TRY IT = Check every line below for the string "open", and copy the lines that contain it.

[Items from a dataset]
---------------
(* In the symmetric-ordering setup, for every $w\ge2$ and all indices $\mu,\alpha_1,\ldots,\alpha_w$, $$\sum_{\sigma\in\Sigma_w}[\ldots[[\hat\partial^\mu,\hat x_{\alpha_{\sigma(1)}}],\hat x_{\alpha_{\sigma(2)}}],\ldots,\hat x_{\alpha_{\sigma(w)}}](1)=0\quad\text{in }U(\mathfrak g).$$
   Context: Symmetric-ordering setup: $\Bbbk$ is a field of characteristic $0$, $\mathfrak g$ an $n$-dimensional Lie algebra with basis $\hat x_1,\ldots,\hat x_n$; $\hat x_\alpha$ also denotes left multiplication by $\hat x_\alpha$ on $U(\mathfrak g)$, and commutators are taken in $\mathrm{End}_\Bbbk(U(\mathfrak g))$. $S(\mathfrak g)=\Bbbk[x_1,\ldots,x_n]$; the coexponential map $\xi:S(\mathfrak g)\to U(\mathfrak g)$ is the linear isomorphism $\xi(x_{\alpha_1}\cdots x_{\alpha_k})=\frac1{k!}\sum_{\sigma\in\Sigma_k}\hat x_{\alpha_{\sigma(1)}}\cdots\hat x_{\alpha_{\sigma(k)}}$; $\hat\partial^\mu\in\mathrm{End}_\Bbbk(U(\mathfrak g))$ is defined by $\hat\partial^\mu(\xi(f))=\xi(\partial f/\partial x_\mu)$. $\Sigma_w$ is the symmetric group; $1$ is the unit of $U(\mathfrak g)$. *)

theory Defs
  imports "HOL-Combinatorics.Permutations" "HOL-Library.Function_Algebras"
begin

text \<open>
Lie algebra g with basis x_i indexed by a finite type 'i (n = CARD('i)),
given by structure constants: [x_a, x_b] = sum_c C a b c x_c.
The universal enveloping algebra U(g) is realised as the quotient of the free
associative algebra F on the x_i (finitely supported functions from words to 'k)
by the two-sided ideal generated by x_a x_b - x_b x_a - [x_a, x_b].
\<close>

type_synonym ('i, 'k) freealg = "'i list \<Rightarrow> 'k"

definition is_lie_alg :: "('i::finite \<Rightarrow> 'i \<Rightarrow> 'i \<Rightarrow> 'k::field) \<Rightarrow> bool" where
  "is_lie_alg C \<longleftrightarrow>
     (\<forall>a c. C a a c = 0) \<and>
     (\<forall>a b c. C a b c = - C b a c) \<and>
     (\<forall>a b c e. (\<Sum>d\<in>UNIV. C a b d * C d c e + C b c d * C d a e + C c a d * C d b e) = 0)"

definition fa_carrier :: "('i, 'k::zero) freealg set" where
  "fa_carrier = {f. finite {w. f w \<noteq> 0}}"

definition fa_word :: "'i list \<Rightarrow> ('i, 'k::{zero,one}) freealg" where
  "fa_word u = (\<lambda>v. if v = u then 1 else 0)"

definition fa_scale :: "'k::times \<Rightarrow> ('i, 'k) freealg \<Rightarrow> ('i, 'k) freealg" where
  "fa_scale c f = (\<lambda>w. c * f w)"

definition fa_mult :: "('i, 'k::comm_semiring_1) freealg \<Rightarrow> ('i, 'k) freealg \<Rightarrow> ('i, 'k) freealg" where
  "fa_mult f g = (\<lambda>w. \<Sum>i\<le>length w. f (take i w) * g (drop i w))"

definition fa_lmul :: "'i \<Rightarrow> ('i, 'k::comm_semiring_1) freealg \<Rightarrow> ('i, 'k) freealg" where
  "fa_lmul a f = fa_mult (fa_word [a]) f"

definition lie_rel :: "('i::finite \<Rightarrow> 'i \<Rightarrow> 'i \<Rightarrow> 'k::field) \<Rightarrow> 'i \<Rightarrow> 'i \<Rightarrow> ('i, 'k) freealg" where
  "lie_rel C a b = fa_word [a, b] - fa_word [b, a] - (\<Sum>c\<in>UNIV. fa_scale (C a b c) (fa_word [c]))"

text \<open>The two-sided ideal defining U(g) = F / I: the k-linear span of u r v,
  for words u, v and defining relations r.\<close>
definition env_ideal :: "('i::finite \<Rightarrow> 'i \<Rightarrow> 'i \<Rightarrow> 'k::field) \<Rightarrow> ('i, 'k) freealg set" where
  "env_ideal C =
     {\<Sum>g\<in>G. fa_scale (c g) g | G c. finite G \<and>
        G \<subseteq> {fa_mult (fa_mult (fa_word u) (lie_rel C a b)) (fa_word v) | u v a b. True}}"

text \<open>Coexponential map on a monomial x_{a_1} ... x_{a_k} (given as the list of its indices).\<close>
definition coexp :: "'i list \<Rightarrow> ('i, 'k::field_char_0) freealg" where
  "coexp as = fa_scale (inverse (of_nat (fact (length as))))
     (\<Sum>\<sigma> | \<sigma> permutes {..<length as}. fa_word (map (\<lambda>i. as ! (\<sigma> i)) [0..<length as]))"

text \<open>Partial derivative d/dx_mu of the monomial x_{a_1}...x_{a_k} (product rule),
  pushed through the coexponential map: xi(d/dx_mu (x_{a_1}...x_{a_k})).\<close>
definition coexp_deriv :: "'i \<Rightarrow> 'i list \<Rightarrow> ('i, 'k::field_char_0) freealg" where
  "coexp_deriv \<mu> as = (\<Sum>j | j < length as \<and> as ! j = \<mu>. coexp (take j as @ drop (Suc j) as))"

text \<open>D represents a k-linear endomorphism of U(g) = F/I: it is k-linear on F,
  preserves F and the ideal I, and it is the operator hat-partial^mu:
  D(xi(m)) = xi(d m / d x_mu) modulo I for every monomial m.\<close>
definition is_hat_partial ::
  "('i::finite \<Rightarrow> 'i \<Rightarrow> 'i \<Rightarrow> 'k::field_char_0) \<Rightarrow> 'i \<Rightarrow> (('i, 'k) freealg \<Rightarrow> ('i, 'k) freealg) \<Rightarrow> bool" where
  "is_hat_partial C \<mu> D \<longleftrightarrow>
     (\<forall>f\<in>fa_carrier. D f \<in> fa_carrier) \<and>
     (\<forall>f\<in>fa_carrier. \<forall>g\<in>fa_carrier. D (f + g) = D f + D g) \<and>
     (\<forall>c. \<forall>f\<in>fa_carrier. D (fa_scale c f) = fa_scale c (D f)) \<and>
     (\<forall>f\<in>env_ideal C \<inter> fa_carrier. D f \<in> env_ideal C) \<and>
     (\<forall>as. D (coexp as) - coexp_deriv \<mu> as \<in> env_ideal C)"

fun iter_comm :: "(('i, 'k::comm_ring_1) freealg \<Rightarrow> ('i, 'k) freealg) \<Rightarrow> 'i list
                  \<Rightarrow> ('i, 'k) freealg \<Rightarrow> ('i, 'k) freealg" where
  "iter_comm D [] = D"
| "iter_comm D (a # as) = iter_comm (\<lambda>f. D (fa_lmul a f) - fa_lmul a (D f)) as"

end

theory Submission
  imports Defs "HOL.Modules" "HOL-Combinatorics.Multiset_Permutations"
begin

(* Symmetrise the iterated commutator over all orderings p of an index set N.
   Peeling off the last letter of p gives a recursion which is also satisfied by the
   binomial expansion
     sum_p sum_k (-1)^k (n choose k) x_{p_1..p_k} D(x_{p_{k+1}..p_n} f),
   so the two agree (sym_comm_eq_sym_expand).  At f = 1 the k-th summand is
   T_k = sum_p x_{p_1..p_k} D(x_{p_{k+1}..p_n}).  Since the symmetrised word over N is
   n! times the coexponential of the monomial, the defining property of hat-partial gives
   T_0 = (mod I) n * sum_{b, alpha b = mu} Sym(N - b), where Sym is the symmetrised word, and left multiplication propagates this
   to T_k = (mod I) (n - k) * sum_{b, alpha b = mu} Sym(N - b).  The theorem follows from
   sum_k (-1)^k (n choose k) (n - k) = 0 for n >= 2. *)

lemma fun_sum_apply: "(sum f A) x = (\<Sum>i\<in>A. f i x)"
  by (induct A rule: infinite_finite_induct) auto

lemma fa_mult_word_left:
  "fa_mult (fa_word u) g = (\<lambda>w. if take (length u) w = u then g (drop (length u) w) else 0)"
proof (rule ext)
  fix w :: "'a list"
  have "fa_mult (fa_word u) g w
      = (\<Sum>i\<le>length w. if i = length u \<and> take (length u) w = u then g (drop (length u) w) else 0)"
    unfolding fa_mult_def fa_word_def
    by (rule sum.cong) (auto simp: min_def split: if_splits)
  also have "\<dots> = (if take (length u) w = u then g (drop (length u) w) else 0)"
  proof (cases "take (length u) w = u")
    case True
    then have "length u \<le> length w" by (metis length_take min_def nat_le_linear)
    with True show ?thesis by (simp add: sum.delta')
  qed simp
  finally show "fa_mult (fa_word u) g w = (if take (length u) w = u then g (drop (length u) w) else 0)" .
qed

lemma fa_mult_word_right:
  "fa_mult g (fa_word v) =
     (\<lambda>w. if length v \<le> length w \<and> drop (length w - length v) w = v
          then g (take (length w - length v) w) else 0)"
proof (rule ext)
  fix w :: "'a list"
  let ?m = "length w - length v"
  have "fa_mult g (fa_word v) w
      = (\<Sum>i\<le>length w. if i = ?m \<and> length v \<le> length w \<and> drop ?m w = v then g (take ?m w) else 0)"
    unfolding fa_mult_def fa_word_def
    by (rule sum.cong) (auto split: if_splits)
  also have "\<dots> = (if length v \<le> length w \<and> drop ?m w = v then g (take ?m w) else 0)"
    by (cases "length v \<le> length w \<and> drop ?m w = v") (auto simp: sum.delta')
  finally show "fa_mult g (fa_word v) w = (if length v \<le> length w \<and> drop ?m w = v then g (take ?m w) else 0)" .
qed

lemma fa_lmul_eq: "fa_lmul a f = (\<lambda>w. case w of [] \<Rightarrow> 0 | b # u \<Rightarrow> if b = a then f u else 0)"
  unfolding fa_lmul_def fa_mult_word_left by (rule ext) (auto split: list.splits)

lemma fa_mult_word_nil [simp]: "fa_mult (fa_word []) g = g"
  unfolding fa_mult_word_left by simp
---------------
TASK SOLUTION =
text \<open>
text \<open>The two-sided ideal defining U(g) = F / I: the k-linear span of u r v,
text \<open>Coexponential map on a monomial x_{a_1} ... x_{a_k} (given as the list of its indices).\<close>
text \<open>Partial derivative d/dx_mu of the monomial x_{a_1}...x_{a_k} (product rule),
text \<open>D represents a k-linear endomorphism of U(g) = F/I: it is k-linear on F,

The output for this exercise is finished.